:: To do ::
What lines in the data below mention the string "complex"? Copy them out.
##### Data for processing
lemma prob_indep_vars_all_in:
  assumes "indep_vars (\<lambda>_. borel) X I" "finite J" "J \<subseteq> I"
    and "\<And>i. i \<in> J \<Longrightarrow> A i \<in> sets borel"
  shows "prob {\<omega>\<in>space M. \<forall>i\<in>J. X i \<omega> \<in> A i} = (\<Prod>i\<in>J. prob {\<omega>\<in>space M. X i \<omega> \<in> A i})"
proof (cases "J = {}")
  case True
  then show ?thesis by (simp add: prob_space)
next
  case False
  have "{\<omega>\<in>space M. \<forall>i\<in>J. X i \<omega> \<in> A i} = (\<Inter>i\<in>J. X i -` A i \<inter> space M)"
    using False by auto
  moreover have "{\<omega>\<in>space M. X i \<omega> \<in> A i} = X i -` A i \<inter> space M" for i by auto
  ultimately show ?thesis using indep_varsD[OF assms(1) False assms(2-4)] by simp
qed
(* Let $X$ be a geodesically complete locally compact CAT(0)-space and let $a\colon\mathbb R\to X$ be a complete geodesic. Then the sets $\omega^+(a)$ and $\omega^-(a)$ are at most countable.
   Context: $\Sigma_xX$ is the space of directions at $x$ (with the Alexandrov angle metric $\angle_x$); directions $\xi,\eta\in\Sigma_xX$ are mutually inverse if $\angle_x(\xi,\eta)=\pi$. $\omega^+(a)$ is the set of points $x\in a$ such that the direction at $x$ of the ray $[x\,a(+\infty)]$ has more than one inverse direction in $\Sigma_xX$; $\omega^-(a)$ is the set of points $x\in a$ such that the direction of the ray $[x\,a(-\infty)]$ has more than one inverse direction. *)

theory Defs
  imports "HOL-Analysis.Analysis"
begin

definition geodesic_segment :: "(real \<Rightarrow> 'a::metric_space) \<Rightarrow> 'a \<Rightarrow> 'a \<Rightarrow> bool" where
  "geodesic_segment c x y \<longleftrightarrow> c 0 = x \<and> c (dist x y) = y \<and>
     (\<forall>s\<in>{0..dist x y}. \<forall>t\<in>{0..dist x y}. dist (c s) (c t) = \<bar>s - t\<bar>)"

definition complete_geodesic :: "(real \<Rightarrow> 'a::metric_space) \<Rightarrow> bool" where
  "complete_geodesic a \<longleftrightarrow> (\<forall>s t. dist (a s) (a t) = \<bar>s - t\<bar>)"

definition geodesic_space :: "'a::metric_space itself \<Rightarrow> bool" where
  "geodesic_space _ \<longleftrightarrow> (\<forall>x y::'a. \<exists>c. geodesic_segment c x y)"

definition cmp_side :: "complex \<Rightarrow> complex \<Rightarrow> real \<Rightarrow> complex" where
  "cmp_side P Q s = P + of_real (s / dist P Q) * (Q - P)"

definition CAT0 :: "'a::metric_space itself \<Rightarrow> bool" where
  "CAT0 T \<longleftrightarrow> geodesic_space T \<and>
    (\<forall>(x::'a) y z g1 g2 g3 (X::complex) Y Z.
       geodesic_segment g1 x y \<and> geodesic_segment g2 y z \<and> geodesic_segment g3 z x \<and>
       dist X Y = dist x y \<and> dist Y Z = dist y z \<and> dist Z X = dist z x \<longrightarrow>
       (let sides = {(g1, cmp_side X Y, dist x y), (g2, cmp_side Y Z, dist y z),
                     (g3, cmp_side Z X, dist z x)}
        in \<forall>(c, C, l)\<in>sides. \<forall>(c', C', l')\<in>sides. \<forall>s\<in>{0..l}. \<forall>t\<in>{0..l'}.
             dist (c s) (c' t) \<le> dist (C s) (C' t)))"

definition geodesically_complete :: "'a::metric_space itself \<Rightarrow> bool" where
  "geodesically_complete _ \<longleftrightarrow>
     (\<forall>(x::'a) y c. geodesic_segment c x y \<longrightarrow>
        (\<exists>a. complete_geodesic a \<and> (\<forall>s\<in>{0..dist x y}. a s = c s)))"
##########
##### Data for processing
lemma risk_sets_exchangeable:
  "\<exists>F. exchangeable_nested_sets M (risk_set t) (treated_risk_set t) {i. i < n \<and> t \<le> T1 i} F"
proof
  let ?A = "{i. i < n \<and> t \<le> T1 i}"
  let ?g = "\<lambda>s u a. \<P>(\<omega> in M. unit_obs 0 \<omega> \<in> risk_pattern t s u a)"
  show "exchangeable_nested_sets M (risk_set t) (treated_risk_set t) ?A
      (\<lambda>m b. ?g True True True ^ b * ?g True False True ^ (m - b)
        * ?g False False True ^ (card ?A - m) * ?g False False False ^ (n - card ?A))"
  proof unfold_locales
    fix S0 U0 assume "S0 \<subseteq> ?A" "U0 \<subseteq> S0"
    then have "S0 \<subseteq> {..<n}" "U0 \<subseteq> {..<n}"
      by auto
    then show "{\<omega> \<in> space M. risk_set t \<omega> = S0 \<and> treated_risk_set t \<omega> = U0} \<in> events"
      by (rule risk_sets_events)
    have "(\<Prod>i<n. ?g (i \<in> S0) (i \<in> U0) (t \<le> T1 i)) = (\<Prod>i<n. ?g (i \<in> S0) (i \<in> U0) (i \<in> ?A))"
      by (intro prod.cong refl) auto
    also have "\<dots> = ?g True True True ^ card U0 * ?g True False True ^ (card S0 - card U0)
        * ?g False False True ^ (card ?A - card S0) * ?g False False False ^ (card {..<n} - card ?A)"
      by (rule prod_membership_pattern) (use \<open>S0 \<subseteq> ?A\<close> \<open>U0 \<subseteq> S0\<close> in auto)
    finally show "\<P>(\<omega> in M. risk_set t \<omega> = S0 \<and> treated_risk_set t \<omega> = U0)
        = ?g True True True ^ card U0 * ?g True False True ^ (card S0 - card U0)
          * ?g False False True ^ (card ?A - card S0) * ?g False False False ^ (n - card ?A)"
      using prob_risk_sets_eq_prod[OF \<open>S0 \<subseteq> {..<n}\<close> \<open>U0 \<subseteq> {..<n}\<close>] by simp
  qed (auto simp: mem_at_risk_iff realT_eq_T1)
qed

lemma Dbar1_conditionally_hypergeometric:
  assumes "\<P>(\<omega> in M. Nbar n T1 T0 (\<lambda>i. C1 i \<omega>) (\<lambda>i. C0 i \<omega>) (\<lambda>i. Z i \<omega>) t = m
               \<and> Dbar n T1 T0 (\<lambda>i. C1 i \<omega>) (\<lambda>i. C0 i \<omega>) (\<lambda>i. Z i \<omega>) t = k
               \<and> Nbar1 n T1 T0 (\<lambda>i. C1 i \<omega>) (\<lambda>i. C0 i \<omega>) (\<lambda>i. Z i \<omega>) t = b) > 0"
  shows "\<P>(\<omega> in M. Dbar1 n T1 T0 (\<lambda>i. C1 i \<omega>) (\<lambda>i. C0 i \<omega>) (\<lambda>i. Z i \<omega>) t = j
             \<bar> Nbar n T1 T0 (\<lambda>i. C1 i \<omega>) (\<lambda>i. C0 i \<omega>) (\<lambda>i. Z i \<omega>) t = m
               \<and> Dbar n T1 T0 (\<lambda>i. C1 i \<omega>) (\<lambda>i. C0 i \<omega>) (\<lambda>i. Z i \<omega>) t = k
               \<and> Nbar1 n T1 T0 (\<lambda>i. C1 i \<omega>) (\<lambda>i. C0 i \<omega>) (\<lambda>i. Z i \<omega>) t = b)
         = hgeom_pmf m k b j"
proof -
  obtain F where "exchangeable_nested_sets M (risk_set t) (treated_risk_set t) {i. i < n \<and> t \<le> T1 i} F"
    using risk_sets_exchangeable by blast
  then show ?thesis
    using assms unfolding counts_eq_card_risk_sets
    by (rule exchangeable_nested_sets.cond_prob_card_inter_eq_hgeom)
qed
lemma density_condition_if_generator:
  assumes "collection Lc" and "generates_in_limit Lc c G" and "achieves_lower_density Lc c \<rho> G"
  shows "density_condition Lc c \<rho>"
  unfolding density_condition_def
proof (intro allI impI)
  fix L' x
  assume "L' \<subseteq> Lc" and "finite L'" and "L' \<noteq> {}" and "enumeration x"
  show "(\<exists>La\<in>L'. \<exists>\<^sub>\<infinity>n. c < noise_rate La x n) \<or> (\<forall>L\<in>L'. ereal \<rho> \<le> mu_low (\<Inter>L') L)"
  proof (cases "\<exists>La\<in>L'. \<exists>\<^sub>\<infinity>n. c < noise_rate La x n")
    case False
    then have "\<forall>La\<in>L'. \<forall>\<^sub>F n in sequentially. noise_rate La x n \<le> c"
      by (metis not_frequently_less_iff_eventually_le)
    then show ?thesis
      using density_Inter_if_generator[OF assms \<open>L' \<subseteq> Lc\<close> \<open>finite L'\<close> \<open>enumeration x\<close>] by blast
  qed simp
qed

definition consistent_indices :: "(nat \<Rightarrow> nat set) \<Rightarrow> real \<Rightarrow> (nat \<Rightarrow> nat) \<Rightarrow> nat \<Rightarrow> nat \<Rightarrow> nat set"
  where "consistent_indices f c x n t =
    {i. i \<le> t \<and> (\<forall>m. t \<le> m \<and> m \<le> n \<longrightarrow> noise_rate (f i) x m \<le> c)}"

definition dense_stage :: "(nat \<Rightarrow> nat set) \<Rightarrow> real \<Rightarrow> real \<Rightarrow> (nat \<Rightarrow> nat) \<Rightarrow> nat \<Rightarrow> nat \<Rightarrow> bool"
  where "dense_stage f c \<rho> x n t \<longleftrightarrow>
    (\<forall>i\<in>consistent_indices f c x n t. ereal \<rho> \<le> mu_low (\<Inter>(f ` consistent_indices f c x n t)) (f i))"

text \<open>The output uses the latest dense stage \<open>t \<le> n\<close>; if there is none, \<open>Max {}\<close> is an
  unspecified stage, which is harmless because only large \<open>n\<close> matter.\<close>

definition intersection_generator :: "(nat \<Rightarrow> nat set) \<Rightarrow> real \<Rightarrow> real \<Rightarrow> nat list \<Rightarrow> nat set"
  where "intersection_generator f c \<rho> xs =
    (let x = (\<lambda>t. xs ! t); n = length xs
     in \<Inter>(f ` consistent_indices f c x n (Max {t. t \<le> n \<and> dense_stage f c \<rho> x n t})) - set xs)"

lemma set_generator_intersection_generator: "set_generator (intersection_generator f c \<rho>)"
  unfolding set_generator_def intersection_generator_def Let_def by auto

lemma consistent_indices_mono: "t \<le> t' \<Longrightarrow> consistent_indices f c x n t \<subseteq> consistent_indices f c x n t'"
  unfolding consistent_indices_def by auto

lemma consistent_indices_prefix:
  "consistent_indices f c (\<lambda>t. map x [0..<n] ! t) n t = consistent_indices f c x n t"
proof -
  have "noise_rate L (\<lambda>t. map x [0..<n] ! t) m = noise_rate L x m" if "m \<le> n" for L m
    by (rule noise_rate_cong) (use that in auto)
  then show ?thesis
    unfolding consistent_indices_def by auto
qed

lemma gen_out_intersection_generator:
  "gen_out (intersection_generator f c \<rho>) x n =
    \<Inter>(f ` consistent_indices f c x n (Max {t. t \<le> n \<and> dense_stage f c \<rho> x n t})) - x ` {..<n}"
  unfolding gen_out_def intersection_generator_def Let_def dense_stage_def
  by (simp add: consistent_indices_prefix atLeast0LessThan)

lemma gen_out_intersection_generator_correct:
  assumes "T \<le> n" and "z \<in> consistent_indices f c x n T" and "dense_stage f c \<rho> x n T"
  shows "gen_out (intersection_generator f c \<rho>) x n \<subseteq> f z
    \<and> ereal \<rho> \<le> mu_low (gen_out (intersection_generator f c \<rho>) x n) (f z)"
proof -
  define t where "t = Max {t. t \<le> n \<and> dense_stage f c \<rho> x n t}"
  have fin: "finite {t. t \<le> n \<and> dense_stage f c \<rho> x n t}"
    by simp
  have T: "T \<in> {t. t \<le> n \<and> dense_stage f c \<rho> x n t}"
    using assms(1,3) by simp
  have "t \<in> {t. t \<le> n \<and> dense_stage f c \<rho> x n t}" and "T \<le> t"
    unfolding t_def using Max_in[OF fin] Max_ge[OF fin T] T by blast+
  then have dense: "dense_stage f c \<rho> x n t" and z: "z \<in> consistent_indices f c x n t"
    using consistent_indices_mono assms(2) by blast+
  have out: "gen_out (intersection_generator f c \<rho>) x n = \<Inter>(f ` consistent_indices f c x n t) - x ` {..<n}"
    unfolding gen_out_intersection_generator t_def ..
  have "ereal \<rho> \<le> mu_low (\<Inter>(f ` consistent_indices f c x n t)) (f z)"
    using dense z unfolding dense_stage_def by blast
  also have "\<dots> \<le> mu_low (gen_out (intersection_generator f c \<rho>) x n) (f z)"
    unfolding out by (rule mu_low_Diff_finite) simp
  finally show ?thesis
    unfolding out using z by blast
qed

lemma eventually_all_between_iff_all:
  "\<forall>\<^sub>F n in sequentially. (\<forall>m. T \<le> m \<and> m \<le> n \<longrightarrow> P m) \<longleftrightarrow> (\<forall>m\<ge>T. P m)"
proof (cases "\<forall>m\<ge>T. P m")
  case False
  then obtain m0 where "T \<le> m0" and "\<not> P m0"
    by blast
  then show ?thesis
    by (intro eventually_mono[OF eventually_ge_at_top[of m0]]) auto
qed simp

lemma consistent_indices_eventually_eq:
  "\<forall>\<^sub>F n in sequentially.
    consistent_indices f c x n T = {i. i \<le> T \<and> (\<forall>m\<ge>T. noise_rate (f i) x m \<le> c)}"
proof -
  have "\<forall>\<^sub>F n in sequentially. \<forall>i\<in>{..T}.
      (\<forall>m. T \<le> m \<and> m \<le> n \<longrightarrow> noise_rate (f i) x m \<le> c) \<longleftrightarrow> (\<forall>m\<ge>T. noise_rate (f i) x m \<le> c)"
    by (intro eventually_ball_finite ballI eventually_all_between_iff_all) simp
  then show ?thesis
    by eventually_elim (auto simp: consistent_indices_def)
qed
##########
:: Answer to the exercise ::
definition cmp_side :: "complex \<Rightarrow> complex \<Rightarrow> real \<Rightarrow> complex" where
    (\<forall>(x::'a) y z g1 g2 g3 (X::complex) Y Z.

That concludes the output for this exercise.